## ACTIVITY
The records below must be copied out completely and exactly.

## STORED DATA
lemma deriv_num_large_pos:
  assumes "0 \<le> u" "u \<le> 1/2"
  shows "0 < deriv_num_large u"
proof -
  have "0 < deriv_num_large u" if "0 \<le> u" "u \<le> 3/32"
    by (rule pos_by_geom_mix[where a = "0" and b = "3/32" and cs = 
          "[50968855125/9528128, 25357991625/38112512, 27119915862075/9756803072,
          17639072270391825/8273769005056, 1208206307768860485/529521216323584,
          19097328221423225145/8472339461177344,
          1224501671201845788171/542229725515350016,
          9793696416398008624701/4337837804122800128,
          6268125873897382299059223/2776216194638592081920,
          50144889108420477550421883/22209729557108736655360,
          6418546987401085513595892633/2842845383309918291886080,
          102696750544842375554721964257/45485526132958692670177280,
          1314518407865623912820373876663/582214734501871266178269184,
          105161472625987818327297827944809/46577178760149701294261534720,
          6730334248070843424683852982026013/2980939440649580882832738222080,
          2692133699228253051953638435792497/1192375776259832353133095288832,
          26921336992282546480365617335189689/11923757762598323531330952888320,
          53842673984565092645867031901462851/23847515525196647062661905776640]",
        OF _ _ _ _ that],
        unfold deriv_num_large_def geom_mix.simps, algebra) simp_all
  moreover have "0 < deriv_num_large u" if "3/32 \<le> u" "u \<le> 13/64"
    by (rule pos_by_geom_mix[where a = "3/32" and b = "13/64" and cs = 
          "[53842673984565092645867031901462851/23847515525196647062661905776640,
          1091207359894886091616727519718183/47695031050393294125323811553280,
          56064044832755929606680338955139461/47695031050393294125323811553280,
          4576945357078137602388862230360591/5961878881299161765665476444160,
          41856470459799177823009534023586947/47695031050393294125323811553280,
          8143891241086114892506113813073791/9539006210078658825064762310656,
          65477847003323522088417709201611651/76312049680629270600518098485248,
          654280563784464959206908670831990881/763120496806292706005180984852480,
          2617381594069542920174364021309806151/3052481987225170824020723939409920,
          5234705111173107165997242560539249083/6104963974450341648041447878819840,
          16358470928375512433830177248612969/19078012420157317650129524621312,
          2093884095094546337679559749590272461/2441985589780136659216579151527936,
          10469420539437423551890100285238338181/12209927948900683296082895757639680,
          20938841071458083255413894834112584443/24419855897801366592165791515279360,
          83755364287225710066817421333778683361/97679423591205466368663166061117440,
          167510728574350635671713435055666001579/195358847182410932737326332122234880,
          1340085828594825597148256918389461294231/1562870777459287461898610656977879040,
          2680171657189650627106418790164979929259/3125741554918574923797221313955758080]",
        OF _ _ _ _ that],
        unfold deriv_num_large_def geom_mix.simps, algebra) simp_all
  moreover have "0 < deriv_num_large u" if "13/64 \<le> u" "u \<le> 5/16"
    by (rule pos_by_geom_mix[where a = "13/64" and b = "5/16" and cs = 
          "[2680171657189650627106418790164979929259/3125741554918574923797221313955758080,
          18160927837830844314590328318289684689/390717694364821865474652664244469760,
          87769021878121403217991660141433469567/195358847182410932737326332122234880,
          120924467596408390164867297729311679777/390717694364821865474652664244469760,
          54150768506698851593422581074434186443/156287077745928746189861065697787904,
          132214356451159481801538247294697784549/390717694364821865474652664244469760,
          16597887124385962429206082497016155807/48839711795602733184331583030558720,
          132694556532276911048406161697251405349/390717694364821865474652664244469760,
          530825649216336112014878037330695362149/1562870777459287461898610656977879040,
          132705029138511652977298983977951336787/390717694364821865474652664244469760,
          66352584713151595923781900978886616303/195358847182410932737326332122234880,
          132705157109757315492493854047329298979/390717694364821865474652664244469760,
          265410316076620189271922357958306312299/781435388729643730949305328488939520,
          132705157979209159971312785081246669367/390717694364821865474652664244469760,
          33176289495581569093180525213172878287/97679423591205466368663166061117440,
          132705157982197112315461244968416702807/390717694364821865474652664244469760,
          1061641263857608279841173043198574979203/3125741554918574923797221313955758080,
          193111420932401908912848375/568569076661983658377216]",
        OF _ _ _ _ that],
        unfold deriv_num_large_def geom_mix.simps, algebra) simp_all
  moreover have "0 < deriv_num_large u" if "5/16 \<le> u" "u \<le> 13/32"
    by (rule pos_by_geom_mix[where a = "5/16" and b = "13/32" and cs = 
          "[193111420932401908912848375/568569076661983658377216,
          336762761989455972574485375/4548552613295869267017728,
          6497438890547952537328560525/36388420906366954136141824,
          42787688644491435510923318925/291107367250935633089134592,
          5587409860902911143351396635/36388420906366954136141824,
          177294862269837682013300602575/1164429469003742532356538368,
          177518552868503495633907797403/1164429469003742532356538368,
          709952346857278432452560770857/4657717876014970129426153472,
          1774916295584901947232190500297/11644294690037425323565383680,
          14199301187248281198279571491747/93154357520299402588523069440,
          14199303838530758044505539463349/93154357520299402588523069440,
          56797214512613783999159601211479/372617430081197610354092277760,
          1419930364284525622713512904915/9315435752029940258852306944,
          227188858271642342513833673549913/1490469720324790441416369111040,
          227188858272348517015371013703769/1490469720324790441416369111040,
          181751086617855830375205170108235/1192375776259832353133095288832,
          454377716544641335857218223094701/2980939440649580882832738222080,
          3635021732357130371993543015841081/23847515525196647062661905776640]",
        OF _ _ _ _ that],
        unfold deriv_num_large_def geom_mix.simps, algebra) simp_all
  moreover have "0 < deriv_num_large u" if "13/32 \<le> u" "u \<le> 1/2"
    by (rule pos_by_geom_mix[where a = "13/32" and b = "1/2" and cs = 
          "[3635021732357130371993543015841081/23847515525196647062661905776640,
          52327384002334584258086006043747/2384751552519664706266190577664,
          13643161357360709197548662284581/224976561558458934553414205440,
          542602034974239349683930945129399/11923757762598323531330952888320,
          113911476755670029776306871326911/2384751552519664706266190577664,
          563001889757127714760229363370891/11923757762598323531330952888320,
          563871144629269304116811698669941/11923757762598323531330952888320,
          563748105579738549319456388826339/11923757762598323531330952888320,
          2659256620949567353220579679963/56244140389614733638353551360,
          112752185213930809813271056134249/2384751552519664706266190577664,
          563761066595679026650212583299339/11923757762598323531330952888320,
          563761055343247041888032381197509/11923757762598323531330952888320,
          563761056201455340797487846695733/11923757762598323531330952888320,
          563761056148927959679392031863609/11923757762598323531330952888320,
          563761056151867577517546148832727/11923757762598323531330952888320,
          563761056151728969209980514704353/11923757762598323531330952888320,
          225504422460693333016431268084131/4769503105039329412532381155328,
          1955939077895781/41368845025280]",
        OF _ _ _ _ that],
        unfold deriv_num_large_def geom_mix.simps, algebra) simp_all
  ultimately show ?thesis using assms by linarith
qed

## RESPONSE
lemma deriv_num_large_pos:
  assumes "0 \<le> u" "u \<le> 1/2"
  shows "0 < deriv_num_large u"
proof -
  have "0 < deriv_num_large u" if "0 \<le> u" "u \<le> 3/32"
    by (rule pos_by_geom_mix[where a = "0" and b = "3/32" and cs = 
          "[50968855125/9528128, 25357991625/38112512, 27119915862075/9756803072,
          17639072270391825/8273769005056, 1208206307768860485/529521216323584,
          19097328221423225145/8472339461177344,
          1224501671201845788171/542229725515350016,
          9793696416398008624701/4337837804122800128,
          6268125873897382299059223/2776216194638592081920,
          50144889108420477550421883/22209729557108736655360,
          6418546987401085513595892633/2842845383309918291886080,
          102696750544842375554721964257/45485526132958692670177280,
          1314518407865623912820373876663/582214734501871266178269184,
          105161472625987818327297827944809/46577178760149701294261534720,
          6730334248070843424683852982026013/2980939440649580882832738222080,
          2692133699228253051953638435792497/1192375776259832353133095288832,
          26921336992282546480365617335189689/11923757762598323531330952888320,
          53842673984565092645867031901462851/23847515525196647062661905776640]",
        OF _ _ _ _ that],
        unfold deriv_num_large_def geom_mix.simps, algebra) simp_all
  moreover have "0 < deriv_num_large u" if "3/32 \<le> u" "u \<le> 13/64"
    by (rule pos_by_geom_mix[where a = "3/32" and b = "13/64" and cs = 
          "[53842673984565092645867031901462851/23847515525196647062661905776640,
          1091207359894886091616727519718183/47695031050393294125323811553280,
          56064044832755929606680338955139461/47695031050393294125323811553280,
          4576945357078137602388862230360591/5961878881299161765665476444160,
          41856470459799177823009534023586947/47695031050393294125323811553280,
          8143891241086114892506113813073791/9539006210078658825064762310656,
          65477847003323522088417709201611651/76312049680629270600518098485248,
          654280563784464959206908670831990881/763120496806292706005180984852480,
          2617381594069542920174364021309806151/3052481987225170824020723939409920,
          5234705111173107165997242560539249083/6104963974450341648041447878819840,
          16358470928375512433830177248612969/19078012420157317650129524621312,
          2093884095094546337679559749590272461/2441985589780136659216579151527936,
          10469420539437423551890100285238338181/12209927948900683296082895757639680,
          20938841071458083255413894834112584443/24419855897801366592165791515279360,
          83755364287225710066817421333778683361/97679423591205466368663166061117440,
          167510728574350635671713435055666001579/195358847182410932737326332122234880,
          1340085828594825597148256918389461294231/1562870777459287461898610656977879040,
          2680171657189650627106418790164979929259/3125741554918574923797221313955758080]",
        OF _ _ _ _ that],
        unfold deriv_num_large_def geom_mix.simps, algebra) simp_all
  moreover have "0 < deriv_num_large u" if "13/64 \<le> u" "u \<le> 5/16"
    by (rule pos_by_geom_mix[where a = "13/64" and b = "5/16" and cs = 
          "[2680171657189650627106418790164979929259/3125741554918574923797221313955758080,
          18160927837830844314590328318289684689/390717694364821865474652664244469760,
          87769021878121403217991660141433469567/195358847182410932737326332122234880,
          120924467596408390164867297729311679777/390717694364821865474652664244469760,
          54150768506698851593422581074434186443/156287077745928746189861065697787904,
          132214356451159481801538247294697784549/390717694364821865474652664244469760,
          16597887124385962429206082497016155807/48839711795602733184331583030558720,
          132694556532276911048406161697251405349/390717694364821865474652664244469760,
          530825649216336112014878037330695362149/1562870777459287461898610656977879040,
          132705029138511652977298983977951336787/390717694364821865474652664244469760,
          66352584713151595923781900978886616303/195358847182410932737326332122234880,
          132705157109757315492493854047329298979/390717694364821865474652664244469760,
          265410316076620189271922357958306312299/781435388729643730949305328488939520,
          132705157979209159971312785081246669367/390717694364821865474652664244469760,
          33176289495581569093180525213172878287/97679423591205466368663166061117440,
          132705157982197112315461244968416702807/390717694364821865474652664244469760,
          1061641263857608279841173043198574979203/3125741554918574923797221313955758080,
          193111420932401908912848375/568569076661983658377216]",
        OF _ _ _ _ that],
        unfold deriv_num_large_def geom_mix.simps, algebra) simp_all
  moreover have "0 < deriv_num_large u" if "5/16 \<le> u" "u \<le> 13/32"
    by (rule pos_by_geom_mix[where a = "5/16" and b = "13/32" and cs = 
          "[193111420932401908912848375/568569076661983658377216,
          336762761989455972574485375/4548552613295869267017728,
          6497438890547952537328560525/36388420906366954136141824,
          42787688644491435510923318925/291107367250935633089134592,
          5587409860902911143351396635/36388420906366954136141824,
          177294862269837682013300602575/1164429469003742532356538368,
          177518552868503495633907797403/1164429469003742532356538368,
          709952346857278432452560770857/4657717876014970129426153472,
          1774916295584901947232190500297/11644294690037425323565383680,
          14199301187248281198279571491747/93154357520299402588523069440,
          14199303838530758044505539463349/93154357520299402588523069440,
          56797214512613783999159601211479/372617430081197610354092277760,
          1419930364284525622713512904915/9315435752029940258852306944,
          227188858271642342513833673549913/1490469720324790441416369111040,
          227188858272348517015371013703769/1490469720324790441416369111040,
          181751086617855830375205170108235/1192375776259832353133095288832,
          454377716544641335857218223094701/2980939440649580882832738222080,
          3635021732357130371993543015841081/23847515525196647062661905776640]",
        OF _ _ _ _ that],
        unfold deriv_num_large_def geom_mix.simps, algebra) simp_all
  moreover have "0 < deriv_num_large u" if "13/32 \<le> u" "u \<le> 1/2"
    by (rule pos_by_geom_mix[where a = "13/32" and b = "1/2" and cs = 
          "[3635021732357130371993543015841081/23847515525196647062661905776640,
          52327384002334584258086006043747/2384751552519664706266190577664,
          13643161357360709197548662284581/224976561558458934553414205440,
          542602034974239349683930945129399/11923757762598323531330952888320,
          113911476755670029776306871326911/2384751552519664706266190577664,
          563001889757127714760229363370891/11923757762598323531330952888320,
          563871144629269304116811698669941/11923757762598323531330952888320,
          563748105579738549319456388826339/11923757762598323531330952888320,
          2659256620949567353220579679963/56244140389614733638353551360,
          112752185213930809813271056134249/2384751552519664706266190577664,
          563761066595679026650212583299339/11923757762598323531330952888320,
          563761055343247041888032381197509/11923757762598323531330952888320,
          563761056201455340797487846695733/11923757762598323531330952888320,
          563761056148927959679392031863609/11923757762598323531330952888320,
          563761056151867577517546148832727/11923757762598323531330952888320,
          563761056151728969209980514704353/11923757762598323531330952888320,
          225504422460693333016431268084131/4769503105039329412532381155328,
          1955939077895781/41368845025280]",
        OF _ _ _ _ that],
        unfold deriv_num_large_def geom_mix.simps, algebra) simp_all
  ultimately show ?thesis using assms by linarith
qed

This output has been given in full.